__ABOUT THIS EXERCISE__: Keep only the lines from the start of the data through the line containing "C D (lincomb", and output them exactly.

┏━━

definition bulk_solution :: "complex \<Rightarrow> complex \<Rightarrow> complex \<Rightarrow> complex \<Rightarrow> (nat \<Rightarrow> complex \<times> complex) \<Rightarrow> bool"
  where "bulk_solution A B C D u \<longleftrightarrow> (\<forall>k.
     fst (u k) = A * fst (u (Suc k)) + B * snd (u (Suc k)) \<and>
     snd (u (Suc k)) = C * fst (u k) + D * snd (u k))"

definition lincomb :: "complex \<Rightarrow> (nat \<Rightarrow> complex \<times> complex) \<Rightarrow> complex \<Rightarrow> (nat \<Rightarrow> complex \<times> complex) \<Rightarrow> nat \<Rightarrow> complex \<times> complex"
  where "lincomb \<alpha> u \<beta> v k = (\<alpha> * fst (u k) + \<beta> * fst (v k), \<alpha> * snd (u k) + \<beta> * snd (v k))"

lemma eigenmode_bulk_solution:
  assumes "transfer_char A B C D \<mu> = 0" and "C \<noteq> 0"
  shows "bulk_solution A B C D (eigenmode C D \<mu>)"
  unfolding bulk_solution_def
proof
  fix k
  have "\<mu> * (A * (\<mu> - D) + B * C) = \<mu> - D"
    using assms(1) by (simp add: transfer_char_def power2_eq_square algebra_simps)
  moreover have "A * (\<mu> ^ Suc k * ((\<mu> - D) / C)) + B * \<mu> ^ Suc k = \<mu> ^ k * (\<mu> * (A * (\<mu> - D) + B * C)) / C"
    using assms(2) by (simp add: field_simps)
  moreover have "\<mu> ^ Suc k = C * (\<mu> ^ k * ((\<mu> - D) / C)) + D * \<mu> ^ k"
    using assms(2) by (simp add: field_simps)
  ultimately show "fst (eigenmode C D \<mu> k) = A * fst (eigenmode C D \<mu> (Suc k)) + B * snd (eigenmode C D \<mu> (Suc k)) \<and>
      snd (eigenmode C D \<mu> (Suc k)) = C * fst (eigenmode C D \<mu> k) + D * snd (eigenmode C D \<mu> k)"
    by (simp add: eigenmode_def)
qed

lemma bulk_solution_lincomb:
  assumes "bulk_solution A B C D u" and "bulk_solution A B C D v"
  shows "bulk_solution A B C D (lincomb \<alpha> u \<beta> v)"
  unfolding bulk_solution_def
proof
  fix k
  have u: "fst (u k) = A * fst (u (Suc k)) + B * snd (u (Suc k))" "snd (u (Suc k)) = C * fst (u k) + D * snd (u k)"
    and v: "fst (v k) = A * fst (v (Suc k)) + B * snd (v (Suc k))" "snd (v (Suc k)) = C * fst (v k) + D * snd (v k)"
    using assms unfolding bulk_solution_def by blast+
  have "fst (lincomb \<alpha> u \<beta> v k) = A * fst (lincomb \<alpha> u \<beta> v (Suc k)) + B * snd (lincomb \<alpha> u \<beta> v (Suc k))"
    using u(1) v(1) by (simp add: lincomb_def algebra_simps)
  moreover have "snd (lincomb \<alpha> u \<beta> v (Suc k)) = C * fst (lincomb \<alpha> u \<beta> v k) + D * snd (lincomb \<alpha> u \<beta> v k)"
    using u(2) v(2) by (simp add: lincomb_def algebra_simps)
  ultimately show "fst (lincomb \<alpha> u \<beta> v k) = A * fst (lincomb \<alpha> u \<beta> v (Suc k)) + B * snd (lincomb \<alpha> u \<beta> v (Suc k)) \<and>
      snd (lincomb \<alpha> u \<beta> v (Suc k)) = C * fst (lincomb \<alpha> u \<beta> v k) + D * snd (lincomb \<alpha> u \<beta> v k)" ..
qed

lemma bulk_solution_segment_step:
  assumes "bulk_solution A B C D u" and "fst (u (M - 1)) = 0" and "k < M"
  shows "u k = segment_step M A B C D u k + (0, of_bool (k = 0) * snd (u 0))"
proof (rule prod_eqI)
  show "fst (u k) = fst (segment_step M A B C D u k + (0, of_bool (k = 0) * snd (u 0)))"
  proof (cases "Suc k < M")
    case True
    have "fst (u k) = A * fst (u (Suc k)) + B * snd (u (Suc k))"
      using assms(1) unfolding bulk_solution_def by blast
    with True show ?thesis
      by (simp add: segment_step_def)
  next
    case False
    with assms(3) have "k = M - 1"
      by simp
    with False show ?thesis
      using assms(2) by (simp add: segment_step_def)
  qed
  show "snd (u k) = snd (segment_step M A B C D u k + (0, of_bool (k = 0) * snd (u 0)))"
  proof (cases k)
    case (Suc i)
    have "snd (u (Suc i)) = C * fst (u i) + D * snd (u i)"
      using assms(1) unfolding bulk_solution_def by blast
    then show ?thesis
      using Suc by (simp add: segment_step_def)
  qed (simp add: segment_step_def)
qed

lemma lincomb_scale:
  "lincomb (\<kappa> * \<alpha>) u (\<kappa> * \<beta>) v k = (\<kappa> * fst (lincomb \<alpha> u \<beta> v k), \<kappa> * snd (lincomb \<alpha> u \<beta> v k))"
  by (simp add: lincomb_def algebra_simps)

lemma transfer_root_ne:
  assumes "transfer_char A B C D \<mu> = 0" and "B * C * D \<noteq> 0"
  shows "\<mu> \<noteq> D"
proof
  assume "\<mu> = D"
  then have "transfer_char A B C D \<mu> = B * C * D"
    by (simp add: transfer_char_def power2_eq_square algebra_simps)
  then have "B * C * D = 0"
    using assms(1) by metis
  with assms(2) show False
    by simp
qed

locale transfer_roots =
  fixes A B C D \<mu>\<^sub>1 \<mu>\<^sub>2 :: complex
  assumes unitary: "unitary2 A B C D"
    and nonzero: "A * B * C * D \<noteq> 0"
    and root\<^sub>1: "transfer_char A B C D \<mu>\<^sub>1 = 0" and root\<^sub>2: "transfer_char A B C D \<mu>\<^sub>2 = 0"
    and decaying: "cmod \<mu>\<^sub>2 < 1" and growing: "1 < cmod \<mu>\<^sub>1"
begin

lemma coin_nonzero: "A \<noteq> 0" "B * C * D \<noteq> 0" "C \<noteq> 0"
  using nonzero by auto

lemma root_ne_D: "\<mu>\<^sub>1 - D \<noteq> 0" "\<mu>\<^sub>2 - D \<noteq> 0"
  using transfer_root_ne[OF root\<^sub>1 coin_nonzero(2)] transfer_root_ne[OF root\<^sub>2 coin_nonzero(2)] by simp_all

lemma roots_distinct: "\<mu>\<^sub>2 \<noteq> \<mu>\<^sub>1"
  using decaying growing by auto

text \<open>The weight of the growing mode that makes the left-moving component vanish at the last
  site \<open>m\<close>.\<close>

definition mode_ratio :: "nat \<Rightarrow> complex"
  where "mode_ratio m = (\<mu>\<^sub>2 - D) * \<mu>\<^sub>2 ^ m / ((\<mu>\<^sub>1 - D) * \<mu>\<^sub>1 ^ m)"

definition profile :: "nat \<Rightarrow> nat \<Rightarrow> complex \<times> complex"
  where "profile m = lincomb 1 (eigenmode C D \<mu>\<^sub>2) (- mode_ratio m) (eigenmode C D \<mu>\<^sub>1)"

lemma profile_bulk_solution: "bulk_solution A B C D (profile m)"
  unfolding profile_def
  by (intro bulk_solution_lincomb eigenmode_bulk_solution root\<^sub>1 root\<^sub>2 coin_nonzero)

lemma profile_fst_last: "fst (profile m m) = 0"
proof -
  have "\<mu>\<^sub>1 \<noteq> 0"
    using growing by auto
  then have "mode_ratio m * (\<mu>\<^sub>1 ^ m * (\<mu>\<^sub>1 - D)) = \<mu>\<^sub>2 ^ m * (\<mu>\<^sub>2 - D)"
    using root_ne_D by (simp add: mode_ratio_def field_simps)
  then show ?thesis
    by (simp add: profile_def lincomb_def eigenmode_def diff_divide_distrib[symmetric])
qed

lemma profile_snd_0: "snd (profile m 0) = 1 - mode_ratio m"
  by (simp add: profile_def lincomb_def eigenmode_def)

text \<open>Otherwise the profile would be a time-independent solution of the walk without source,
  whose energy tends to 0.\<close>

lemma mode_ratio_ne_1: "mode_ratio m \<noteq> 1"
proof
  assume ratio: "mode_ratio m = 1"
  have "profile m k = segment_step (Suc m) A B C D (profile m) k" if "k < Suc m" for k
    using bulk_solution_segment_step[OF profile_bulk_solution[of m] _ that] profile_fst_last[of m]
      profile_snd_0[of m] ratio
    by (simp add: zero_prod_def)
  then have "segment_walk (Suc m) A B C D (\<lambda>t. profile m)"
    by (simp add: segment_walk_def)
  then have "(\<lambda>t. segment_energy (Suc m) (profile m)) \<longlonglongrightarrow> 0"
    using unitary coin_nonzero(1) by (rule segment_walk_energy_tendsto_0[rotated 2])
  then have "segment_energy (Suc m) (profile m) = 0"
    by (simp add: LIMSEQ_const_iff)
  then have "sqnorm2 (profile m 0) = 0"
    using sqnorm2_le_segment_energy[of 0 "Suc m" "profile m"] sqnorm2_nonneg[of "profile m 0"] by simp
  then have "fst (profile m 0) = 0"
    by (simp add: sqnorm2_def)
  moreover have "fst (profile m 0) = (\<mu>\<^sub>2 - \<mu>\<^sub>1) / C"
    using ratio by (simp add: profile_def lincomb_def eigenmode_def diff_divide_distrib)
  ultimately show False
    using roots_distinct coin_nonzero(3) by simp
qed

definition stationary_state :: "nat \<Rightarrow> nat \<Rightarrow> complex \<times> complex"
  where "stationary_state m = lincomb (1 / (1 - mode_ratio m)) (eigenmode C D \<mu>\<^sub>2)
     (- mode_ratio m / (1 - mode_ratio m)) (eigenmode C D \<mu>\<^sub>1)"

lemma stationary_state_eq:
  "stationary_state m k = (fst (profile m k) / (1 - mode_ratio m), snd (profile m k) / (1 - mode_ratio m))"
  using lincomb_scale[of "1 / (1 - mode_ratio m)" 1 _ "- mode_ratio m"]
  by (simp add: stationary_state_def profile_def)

┗━━

__SOLUTION FOR THIS PROBLEM__:
definition bulk_solution :: "complex \<Rightarrow> complex \<Rightarrow> complex \<Rightarrow> complex \<Rightarrow> (nat \<Rightarrow> complex \<times> complex) \<Rightarrow> bool"
  where "bulk_solution A B C D u \<longleftrightarrow> (\<forall>k.
     fst (u k) = A * fst (u (Suc k)) + B * snd (u (Suc k)) \<and>
     snd (u (Suc k)) = C * fst (u k) + D * snd (u k))"

definition lincomb :: "complex \<Rightarrow> (nat \<Rightarrow> complex \<times> complex) \<Rightarrow> complex \<Rightarrow> (nat \<Rightarrow> complex \<times> complex) \<Rightarrow> nat \<Rightarrow> complex \<times> complex"
  where "lincomb \<alpha> u \<beta> v k = (\<alpha> * fst (u k) + \<beta> * fst (v k), \<alpha> * snd (u k) + \<beta> * snd (v k))"

lemma eigenmode_bulk_solution:
  assumes "transfer_char A B C D \<mu> = 0" and "C \<noteq> 0"
  shows "bulk_solution A B C D (eigenmode C D \<mu>)"
  unfolding bulk_solution_def
proof
  fix k
  have "\<mu> * (A * (\<mu> - D) + B * C) = \<mu> - D"
    using assms(1) by (simp add: transfer_char_def power2_eq_square algebra_simps)
  moreover have "A * (\<mu> ^ Suc k * ((\<mu> - D) / C)) + B * \<mu> ^ Suc k = \<mu> ^ k * (\<mu> * (A * (\<mu> - D) + B * C)) / C"
    using assms(2) by (simp add: field_simps)
  moreover have "\<mu> ^ Suc k = C * (\<mu> ^ k * ((\<mu> - D) / C)) + D * \<mu> ^ k"
    using assms(2) by (simp add: field_simps)
  ultimately show "fst (eigenmode C D \<mu> k) = A * fst (eigenmode C D \<mu> (Suc k)) + B * snd (eigenmode C D \<mu> (Suc k)) \<and>
      snd (eigenmode C D \<mu> (Suc k)) = C * fst (eigenmode C D \<mu> k) + D * snd (eigenmode C D \<mu> k)"
    by (simp add: eigenmode_def)
qed

lemma bulk_solution_lincomb:
  assumes "bulk_solution A B C D u" and "bulk_solution A B C D v"
  shows "bulk_solution A B C D (lincomb \<alpha> u \<beta> v)"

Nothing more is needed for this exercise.